What I have to do to make relation one-to-newest (I call it like this for this case's purpose)? I saw this article and it does the job, but I'm wondering if there is way to achieve it with Yii's conventions.
I wanted to declare named scope like this:
/* in User model */
public function withStatus($status) {
if(!is_numeric($status) && !is_null($status)) {
$status = StatusDictionary::model()->find('lower(name)=lower(:name)', array(':name' => $status))->getAttribute('id');
}
$this->getDbCriteria()->mergeWith(array(
'condition' => (is_null($status) ? 'status.status_id IS NULL' : 'status.status_id=:statusId'),
'params' => array(':statusId' => $status),
'with' => array('status')
));
return $this;
}
But it doesn't work either, User::model()->withStatus(0)->findAll() returns all users with related record in user_status with user_status.status_id = 0 even if some of users have newer, different status.

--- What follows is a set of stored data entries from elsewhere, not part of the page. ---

lemma sum_cesaro_times:
  "(\<Sum>w\<in>UNIV. ces n w * g w) = (\<Sum>k<n. \<Sum>w\<in>UNIV. rd k w * g w) / real n"
  unfolding cesaro_def by (simp add: sum_divide_distrib sum_distrib_right sum.swap[where A = UNIV])

lemma limit_distribution_exists: "\<exists>v. limit_distribution x0 p q v"
proof -
  define f :: "nat \<Rightarrow> real ^ outcome" where "f n = (\<chi> w. ces n w)" for n
  have "\<forall>n. f n \<in> cbox 0 1"
    by (simp add: f_def mem_box_cart cesaro_nonneg cesaro_le_1)
  then obtain l r where r: "strict_mono r" and lim: "(f \<circ> r) \<longlonglongrightarrow> l"
    using compact_imp_seq_compact[OF compact_cbox] unfolding seq_compact_def by blast
  have "(\<lambda>k. ces (r k) w) \<longlonglongrightarrow> l $ w" for w
    using tendsto_vec_nth[OF lim, of w] by (simp add: f_def o_def)
  with r show ?thesis unfolding limit_distribution_def by blast
qed

lemma limit_distribution_sum_times:
  assumes "limit_distribution x0 p q v" and "(\<lambda>n. \<Sum>w\<in>UNIV. ces n w * g w) \<longlonglongrightarrow> L"
  shows "(\<Sum>w\<in>UNIV. v w * g w) = L"
proof -
  from assms(1) obtain r where r: "strict_mono r" and lim: "\<And>w. (\<lambda>k. ces (r k) w) \<longlonglongrightarrow> v w"
    unfolding limit_distribution_def by blast
  have "(\<lambda>k. \<Sum>w\<in>UNIV. ces (r k) w * g w) \<longlonglongrightarrow> (\<Sum>w\<in>UNIV. v w * g w)"
    by (intro tendsto_intros lim)
  moreover have "(\<lambda>k. \<Sum>w\<in>UNIV. ces (r k) w * g w) \<longlonglongrightarrow> L"
    using LIMSEQ_subseq_LIMSEQ[OF assms(2) r] by (simp add: o_def)
  ultimately show ?thesis by (rule LIMSEQ_unique)
qed

lemma limit_distribution_sum_times_const:
  assumes "limit_distribution x0 p q v" and "\<And>k. (\<Sum>w\<in>UNIV. rd k w * g w) = c"
  shows "(\<Sum>w\<in>UNIV. v w * g w) = c"
proof (rule limit_distribution_sum_times[OF assms(1)])
  have "\<forall>\<^sub>F n in sequentially. c = (\<Sum>w\<in>UNIV. ces n w * g w)"
    using eventually_gt_at_top[of 0] by eventually_elim (simp add: sum_cesaro_times assms(2))
  then show "(\<lambda>n. \<Sum>w\<in>UNIV. ces n w * g w) \<longlonglongrightarrow> c"
    by (rule Lim_transform_eventually[OF tendsto_const])
qed

lemma limit_distribution_telescoping:
  assumes "limit_distribution x0 p q v"
    and step: "\<And>k. (\<Sum>w\<in>UNIV. rd k w * g w) = c (Suc k) - c k"
    and bound: "\<And>k. \<bar>c k\<bar> \<le> B"
  shows "(\<Sum>w\<in>UNIV. v w * g w) = 0"
proof (rule limit_distribution_sum_times[OF assms(1)])
  have "(\<lambda>n. (c n - c 0) * inverse (real n)) \<longlonglongrightarrow> 0"
  proof (rule Lim_null_comparison)
    show "\<forall>\<^sub>F n in sequentially. norm ((c n - c 0) * inverse (real n)) \<le> 2 * B * inverse (real n)"
    proof (intro always_eventually allI)
      fix n
      have "\<bar>c n - c 0\<bar> \<le> 2 * B" using bound[of n] bound[of 0] by linarith
      then show "norm ((c n - c 0) * inverse (real n)) \<le> 2 * B * inverse (real n)"
        by (simp add: abs_mult mult_right_mono)
    qed
    show "(\<lambda>n. 2 * B * inverse (real n)) \<longlonglongrightarrow> 0"
      by (rule tendsto_mult_right_zero[OF lim_inverse_n])
  qed
  then show "(\<lambda>n. \<Sum>w\<in>UNIV. ces n w * g w) \<longlonglongrightarrow> 0"
    by (simp add: sum_cesaro_times step sum_lessThan_telescope divide_inverse)
qed

lemma limit_distribution_nonneg:
  assumes "limit_distribution x0 p q v" shows "0 \<le> v w"
proof -
  from assms obtain r where "(\<lambda>k. ces (r k) w) \<longlonglongrightarrow> v w"
    unfolding limit_distribution_def by blast
  then show ?thesis by (rule LIMSEQ_le_const) (simp add: cesaro_nonneg)
qed

lemma limit_distribution_sum:
  assumes "limit_distribution x0 p q v" shows "v CC + v CD + v DC + v DD = 1"
  using limit_distribution_sum_times_const[OF assms, of "\<lambda>_. 1" 1] sum_round_dist
  by (simp add: sum_UNIV_outcome)

lemma limit_distribution_round_dist_const:
  assumes "limit_distribution x0 p q v" and "\<And>k. rd k w = c" shows "v w = c"
  using limit_distribution_sum_times_const[OF assms(1), of "\<lambda>u. of_bool (u = w)" c]
  by (simp add: assms(2))

lemma akin_X:
  assumes "limit_distribution x0 p q v" shows "(\<Sum>w\<in>UNIV. v w * (p w - e12 w)) = 0"
proof (rule limit_distribution_telescoping[OF assms, where c = "\<lambda>k. \<Sum>w\<in>UNIV. rd k w * e12 w"])
  show "(\<Sum>w\<in>UNIV. rd k w * (p w - e12 w))
          = (\<Sum>w\<in>UNIV. rd (Suc k) w * e12 w) - (\<Sum>w\<in>UNIV. rd k w * e12 w)" for k
    by (simp add: sum_round_dist_Suc_e12 right_diff_distrib sum_subtractf)
  show "\<bar>\<Sum>w\<in>UNIV. rd k w * e12 w\<bar> \<le> 1" for k
    using sum_round_dist[of k] round_dist_nonneg[of k DC] round_dist_nonneg[of k DD]
      round_dist_nonneg[of k CC] round_dist_nonneg[of k CD]
    by (simp add: sum_UNIV_outcome e12_def)
qed

lemma akin_X_outcomes:
  assumes "limit_distribution x0 p q v"
  shows "v CC * (1 - p CC) + v CD * (1 - p CD) = v DC * p DC + v DD * p DD"
  using akin_X[OF assms] by (simp add: sum_UNIV_outcome e12_def right_diff_distrib)

lemma strictly_firm_limit_distribution:
  assumes "strictly_firm R P p" and "limit_distribution x0 p q v" and "P \<le> payoff v (S_Y R P)"
  shows "v DD = 1"
  using assms x0 strategy_pattern_q unfolding strictly_firm_def by blast

end

locale memory_one_game =
  fixes x0 y0 :: real and p qm :: "outcome \<Rightarrow> real"
  assumes x0_bounds: "0 \<le> x0" "x0 \<le> 1" and y0_bounds: "0 \<le> y0" "y0 \<le> 1"
    and memory_one_p: "memory_one p" and memory_one_qm: "memory_one qm"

Thanks in advance for any help.
I found somewhere else similar solution:
Scope function:
public function withStatus($status) {
if(!is_numeric($status) && !is_null($status)) {
$status = StatusDictionary::model()->find('lower(name)=lower(:name)', array(':name' => $status))->getAttribute('id');
}
$this->with('status');
$this->getDbCriteria()->compare('i.statusId', $status);
return $this;
}
Relations record (this join is protecting relation from filter criteria):
'status' => array(self::HAS_ONE, 'Status', 'clientId',
'join' => 'INNER JOIN (select max(id) id from status group by clientId) j ON i.id=j.id',
'alias' => 'i'
),
It works for me.
Ok, I found solution with TheRifler's help from his post. It turned out that I had a solution right under my nose (article linked in a question).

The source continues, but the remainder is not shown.